» **TASK REQUIREMENTS**:
Which lines below include "moreover"? Copy them all.

» **INPUT**:
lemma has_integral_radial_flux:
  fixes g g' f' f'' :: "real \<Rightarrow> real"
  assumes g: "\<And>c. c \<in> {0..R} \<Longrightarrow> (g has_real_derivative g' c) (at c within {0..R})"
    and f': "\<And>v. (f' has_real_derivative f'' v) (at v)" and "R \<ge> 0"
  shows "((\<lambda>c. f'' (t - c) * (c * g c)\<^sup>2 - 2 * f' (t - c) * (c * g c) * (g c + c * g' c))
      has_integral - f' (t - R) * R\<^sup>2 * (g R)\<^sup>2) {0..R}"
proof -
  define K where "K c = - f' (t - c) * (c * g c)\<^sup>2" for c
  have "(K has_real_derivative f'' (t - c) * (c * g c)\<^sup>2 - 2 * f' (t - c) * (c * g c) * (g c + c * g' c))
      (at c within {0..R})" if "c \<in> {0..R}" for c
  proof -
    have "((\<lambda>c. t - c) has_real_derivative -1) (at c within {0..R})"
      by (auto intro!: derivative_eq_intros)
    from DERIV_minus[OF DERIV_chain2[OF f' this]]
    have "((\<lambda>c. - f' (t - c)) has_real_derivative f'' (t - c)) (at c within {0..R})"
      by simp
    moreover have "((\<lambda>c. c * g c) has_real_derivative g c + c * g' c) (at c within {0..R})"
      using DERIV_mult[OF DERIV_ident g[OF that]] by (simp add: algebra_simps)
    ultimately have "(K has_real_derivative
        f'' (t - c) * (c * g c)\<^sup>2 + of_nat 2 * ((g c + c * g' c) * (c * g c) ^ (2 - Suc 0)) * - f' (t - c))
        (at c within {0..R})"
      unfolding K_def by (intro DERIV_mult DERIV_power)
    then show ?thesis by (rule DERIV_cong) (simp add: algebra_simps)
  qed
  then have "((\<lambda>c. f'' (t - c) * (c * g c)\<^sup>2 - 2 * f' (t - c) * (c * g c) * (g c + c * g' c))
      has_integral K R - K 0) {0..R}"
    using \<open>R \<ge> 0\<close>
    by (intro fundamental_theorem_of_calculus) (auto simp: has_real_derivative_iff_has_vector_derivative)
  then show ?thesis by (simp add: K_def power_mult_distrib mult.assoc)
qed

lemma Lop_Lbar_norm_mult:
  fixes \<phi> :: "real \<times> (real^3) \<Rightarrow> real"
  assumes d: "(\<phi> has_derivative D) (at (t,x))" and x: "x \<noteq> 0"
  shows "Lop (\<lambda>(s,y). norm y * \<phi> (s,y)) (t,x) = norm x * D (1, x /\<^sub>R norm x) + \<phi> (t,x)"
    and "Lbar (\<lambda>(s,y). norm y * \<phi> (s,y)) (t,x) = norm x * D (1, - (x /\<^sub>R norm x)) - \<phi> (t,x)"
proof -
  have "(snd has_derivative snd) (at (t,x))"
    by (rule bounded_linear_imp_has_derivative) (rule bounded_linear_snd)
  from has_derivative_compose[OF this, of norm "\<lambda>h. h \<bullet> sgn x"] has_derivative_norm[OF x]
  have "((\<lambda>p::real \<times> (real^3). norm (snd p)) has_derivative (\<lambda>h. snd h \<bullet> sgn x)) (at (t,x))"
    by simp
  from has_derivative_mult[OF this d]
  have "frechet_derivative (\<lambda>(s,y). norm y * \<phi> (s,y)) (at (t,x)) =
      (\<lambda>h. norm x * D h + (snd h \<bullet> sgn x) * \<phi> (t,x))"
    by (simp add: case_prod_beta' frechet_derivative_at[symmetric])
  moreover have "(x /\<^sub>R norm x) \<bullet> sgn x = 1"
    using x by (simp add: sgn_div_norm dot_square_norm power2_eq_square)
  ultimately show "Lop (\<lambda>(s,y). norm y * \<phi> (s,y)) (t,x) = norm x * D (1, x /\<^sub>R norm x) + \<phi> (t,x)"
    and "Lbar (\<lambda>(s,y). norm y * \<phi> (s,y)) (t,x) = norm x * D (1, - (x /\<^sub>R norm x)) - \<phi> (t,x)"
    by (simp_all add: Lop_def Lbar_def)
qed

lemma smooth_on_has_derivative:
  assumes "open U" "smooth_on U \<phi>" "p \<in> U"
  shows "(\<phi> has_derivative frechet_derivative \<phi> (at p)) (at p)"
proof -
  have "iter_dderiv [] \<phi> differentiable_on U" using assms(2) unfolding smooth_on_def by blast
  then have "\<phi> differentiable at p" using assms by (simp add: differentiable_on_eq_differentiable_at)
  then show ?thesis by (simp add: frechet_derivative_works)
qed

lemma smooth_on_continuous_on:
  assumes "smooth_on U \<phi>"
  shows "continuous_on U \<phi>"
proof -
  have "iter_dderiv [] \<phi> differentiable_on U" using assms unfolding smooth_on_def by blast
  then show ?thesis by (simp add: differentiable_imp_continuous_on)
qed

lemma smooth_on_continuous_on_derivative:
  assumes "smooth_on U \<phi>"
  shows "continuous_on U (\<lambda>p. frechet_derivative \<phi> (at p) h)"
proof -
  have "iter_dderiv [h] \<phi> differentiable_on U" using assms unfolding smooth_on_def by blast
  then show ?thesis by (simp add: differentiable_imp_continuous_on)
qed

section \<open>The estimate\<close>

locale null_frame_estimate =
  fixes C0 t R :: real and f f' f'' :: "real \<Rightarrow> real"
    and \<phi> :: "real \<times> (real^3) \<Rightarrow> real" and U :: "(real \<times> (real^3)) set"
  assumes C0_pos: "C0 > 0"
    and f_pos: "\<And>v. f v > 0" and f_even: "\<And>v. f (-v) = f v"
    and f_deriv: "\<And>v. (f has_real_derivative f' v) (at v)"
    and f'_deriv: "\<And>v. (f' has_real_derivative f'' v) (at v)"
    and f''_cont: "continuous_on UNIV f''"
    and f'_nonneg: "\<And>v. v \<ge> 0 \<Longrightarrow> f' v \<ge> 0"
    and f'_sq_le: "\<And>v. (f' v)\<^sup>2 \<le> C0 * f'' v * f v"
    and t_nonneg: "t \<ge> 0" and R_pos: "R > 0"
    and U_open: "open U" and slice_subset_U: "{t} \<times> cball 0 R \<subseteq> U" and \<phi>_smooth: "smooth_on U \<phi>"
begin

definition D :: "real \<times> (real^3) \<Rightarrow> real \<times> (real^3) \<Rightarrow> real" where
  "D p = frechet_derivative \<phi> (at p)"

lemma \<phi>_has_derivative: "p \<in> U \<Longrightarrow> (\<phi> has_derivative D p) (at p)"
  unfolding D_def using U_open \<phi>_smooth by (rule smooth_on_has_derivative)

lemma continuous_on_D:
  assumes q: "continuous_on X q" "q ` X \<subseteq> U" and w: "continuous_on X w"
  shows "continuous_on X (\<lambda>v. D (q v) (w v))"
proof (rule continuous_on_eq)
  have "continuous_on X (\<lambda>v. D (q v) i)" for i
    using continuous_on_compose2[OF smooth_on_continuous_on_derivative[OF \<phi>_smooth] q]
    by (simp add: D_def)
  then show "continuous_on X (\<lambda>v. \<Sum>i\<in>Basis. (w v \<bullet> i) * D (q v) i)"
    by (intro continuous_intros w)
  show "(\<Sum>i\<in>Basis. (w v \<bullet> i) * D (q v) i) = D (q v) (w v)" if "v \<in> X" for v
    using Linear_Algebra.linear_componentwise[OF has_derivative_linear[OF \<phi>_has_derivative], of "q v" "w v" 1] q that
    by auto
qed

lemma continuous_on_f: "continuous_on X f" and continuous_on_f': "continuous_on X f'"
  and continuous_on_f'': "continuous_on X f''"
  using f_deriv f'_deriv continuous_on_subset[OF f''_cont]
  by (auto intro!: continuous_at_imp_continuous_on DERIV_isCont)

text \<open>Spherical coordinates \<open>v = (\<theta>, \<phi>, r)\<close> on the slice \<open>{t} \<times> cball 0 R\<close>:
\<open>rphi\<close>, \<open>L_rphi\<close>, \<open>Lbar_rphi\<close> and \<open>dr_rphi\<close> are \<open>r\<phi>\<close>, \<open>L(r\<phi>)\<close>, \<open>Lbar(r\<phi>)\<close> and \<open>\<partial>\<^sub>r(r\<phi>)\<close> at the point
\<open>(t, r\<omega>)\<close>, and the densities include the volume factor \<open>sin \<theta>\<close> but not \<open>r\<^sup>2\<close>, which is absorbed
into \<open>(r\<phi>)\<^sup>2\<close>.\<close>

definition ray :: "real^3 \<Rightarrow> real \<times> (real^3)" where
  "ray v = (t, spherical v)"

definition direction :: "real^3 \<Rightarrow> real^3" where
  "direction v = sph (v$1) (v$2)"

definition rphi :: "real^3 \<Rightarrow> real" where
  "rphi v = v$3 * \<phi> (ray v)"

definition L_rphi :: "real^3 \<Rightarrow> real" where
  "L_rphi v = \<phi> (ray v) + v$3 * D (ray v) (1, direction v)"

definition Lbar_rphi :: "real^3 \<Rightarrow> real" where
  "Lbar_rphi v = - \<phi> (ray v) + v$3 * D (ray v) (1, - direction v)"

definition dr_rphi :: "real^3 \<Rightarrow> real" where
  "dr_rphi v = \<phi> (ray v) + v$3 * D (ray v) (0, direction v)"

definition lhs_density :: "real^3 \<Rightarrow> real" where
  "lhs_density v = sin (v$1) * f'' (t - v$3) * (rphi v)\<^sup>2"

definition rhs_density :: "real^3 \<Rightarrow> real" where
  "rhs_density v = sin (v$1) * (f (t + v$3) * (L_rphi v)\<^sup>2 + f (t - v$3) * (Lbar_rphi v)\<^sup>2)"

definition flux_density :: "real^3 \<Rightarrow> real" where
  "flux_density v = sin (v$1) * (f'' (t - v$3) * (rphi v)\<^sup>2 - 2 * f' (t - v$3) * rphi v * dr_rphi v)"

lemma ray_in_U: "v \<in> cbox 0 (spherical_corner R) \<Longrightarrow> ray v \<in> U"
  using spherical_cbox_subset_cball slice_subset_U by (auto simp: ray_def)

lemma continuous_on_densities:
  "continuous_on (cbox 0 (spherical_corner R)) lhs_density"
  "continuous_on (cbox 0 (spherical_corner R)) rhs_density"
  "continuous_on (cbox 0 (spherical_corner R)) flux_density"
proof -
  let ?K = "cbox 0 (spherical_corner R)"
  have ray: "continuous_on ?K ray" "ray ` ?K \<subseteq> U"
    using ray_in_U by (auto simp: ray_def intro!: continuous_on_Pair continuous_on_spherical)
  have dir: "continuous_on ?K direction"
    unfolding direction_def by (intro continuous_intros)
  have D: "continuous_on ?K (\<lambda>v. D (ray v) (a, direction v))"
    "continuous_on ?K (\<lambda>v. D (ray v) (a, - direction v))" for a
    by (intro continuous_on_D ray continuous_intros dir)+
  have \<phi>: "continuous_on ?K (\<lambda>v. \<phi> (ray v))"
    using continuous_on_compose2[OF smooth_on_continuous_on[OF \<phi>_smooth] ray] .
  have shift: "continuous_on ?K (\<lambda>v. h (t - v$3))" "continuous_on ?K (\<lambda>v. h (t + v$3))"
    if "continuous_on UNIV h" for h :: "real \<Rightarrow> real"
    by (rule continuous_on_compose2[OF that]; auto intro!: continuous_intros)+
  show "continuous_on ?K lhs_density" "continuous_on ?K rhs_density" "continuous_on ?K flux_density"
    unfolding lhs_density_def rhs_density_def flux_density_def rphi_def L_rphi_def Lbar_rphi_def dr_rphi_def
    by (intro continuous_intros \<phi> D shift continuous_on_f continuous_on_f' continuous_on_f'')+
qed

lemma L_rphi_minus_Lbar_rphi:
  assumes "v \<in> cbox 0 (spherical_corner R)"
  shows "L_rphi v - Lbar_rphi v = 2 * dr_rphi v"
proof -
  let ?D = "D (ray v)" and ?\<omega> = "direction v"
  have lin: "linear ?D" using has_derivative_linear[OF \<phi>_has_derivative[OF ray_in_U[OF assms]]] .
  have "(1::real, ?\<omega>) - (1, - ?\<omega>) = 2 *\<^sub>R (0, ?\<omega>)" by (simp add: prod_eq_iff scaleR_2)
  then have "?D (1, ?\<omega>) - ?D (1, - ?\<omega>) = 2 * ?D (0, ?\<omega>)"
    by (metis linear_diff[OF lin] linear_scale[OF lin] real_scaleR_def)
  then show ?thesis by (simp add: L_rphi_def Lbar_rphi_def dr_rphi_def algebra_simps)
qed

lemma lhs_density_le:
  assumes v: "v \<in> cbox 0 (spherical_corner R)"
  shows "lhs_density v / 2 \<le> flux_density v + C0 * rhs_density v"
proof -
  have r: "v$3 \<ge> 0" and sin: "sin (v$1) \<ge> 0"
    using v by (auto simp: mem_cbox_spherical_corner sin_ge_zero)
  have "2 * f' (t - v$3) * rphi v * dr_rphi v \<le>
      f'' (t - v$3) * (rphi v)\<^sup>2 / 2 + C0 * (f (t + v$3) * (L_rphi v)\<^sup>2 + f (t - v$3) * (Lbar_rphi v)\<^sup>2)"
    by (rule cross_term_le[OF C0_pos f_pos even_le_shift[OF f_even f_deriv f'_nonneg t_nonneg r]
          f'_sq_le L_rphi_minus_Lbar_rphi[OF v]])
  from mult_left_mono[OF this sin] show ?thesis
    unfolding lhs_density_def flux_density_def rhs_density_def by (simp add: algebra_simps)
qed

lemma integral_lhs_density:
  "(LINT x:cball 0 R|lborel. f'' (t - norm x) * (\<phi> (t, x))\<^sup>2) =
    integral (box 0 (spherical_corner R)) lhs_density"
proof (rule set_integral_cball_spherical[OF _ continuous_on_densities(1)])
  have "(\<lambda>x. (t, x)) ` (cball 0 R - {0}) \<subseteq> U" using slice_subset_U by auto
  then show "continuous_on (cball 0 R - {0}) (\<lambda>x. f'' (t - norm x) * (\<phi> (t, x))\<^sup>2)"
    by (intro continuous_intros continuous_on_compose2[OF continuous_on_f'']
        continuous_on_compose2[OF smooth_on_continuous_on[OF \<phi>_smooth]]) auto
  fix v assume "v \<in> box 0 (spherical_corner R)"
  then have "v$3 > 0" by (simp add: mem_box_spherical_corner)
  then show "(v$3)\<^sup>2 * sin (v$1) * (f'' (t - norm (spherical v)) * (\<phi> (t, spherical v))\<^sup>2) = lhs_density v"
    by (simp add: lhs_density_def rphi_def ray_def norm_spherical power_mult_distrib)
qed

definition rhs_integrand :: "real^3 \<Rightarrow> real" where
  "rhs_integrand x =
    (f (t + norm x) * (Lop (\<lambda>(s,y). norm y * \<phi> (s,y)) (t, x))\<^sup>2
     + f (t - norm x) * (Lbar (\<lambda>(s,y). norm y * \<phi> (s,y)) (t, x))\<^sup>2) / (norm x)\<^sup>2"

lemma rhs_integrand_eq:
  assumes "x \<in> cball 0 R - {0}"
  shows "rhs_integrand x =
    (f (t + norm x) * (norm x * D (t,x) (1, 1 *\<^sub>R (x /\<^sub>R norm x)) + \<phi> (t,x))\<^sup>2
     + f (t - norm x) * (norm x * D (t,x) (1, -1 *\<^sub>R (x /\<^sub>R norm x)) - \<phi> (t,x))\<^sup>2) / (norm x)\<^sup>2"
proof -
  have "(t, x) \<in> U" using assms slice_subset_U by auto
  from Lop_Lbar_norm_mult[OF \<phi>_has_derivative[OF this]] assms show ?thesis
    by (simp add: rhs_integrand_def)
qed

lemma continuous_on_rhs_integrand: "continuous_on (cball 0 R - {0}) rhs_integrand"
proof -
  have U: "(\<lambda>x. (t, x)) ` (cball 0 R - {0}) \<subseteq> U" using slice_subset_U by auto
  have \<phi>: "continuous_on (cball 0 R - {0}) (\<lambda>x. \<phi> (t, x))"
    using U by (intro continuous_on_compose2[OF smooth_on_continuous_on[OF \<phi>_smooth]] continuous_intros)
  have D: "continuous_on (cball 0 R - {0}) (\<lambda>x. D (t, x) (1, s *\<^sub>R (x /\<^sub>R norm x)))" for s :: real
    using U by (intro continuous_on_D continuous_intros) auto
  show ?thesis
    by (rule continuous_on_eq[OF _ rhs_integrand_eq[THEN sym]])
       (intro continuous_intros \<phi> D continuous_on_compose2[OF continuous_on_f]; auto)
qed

» **RESULT OF THE TASK**:
    moreover have "((\<lambda>c. c * g c) has_real_derivative g c + c * g' c) (at c within {0..R})"
  moreover have "(x /\<^sub>R norm x) \<bullet> sgn x = 1"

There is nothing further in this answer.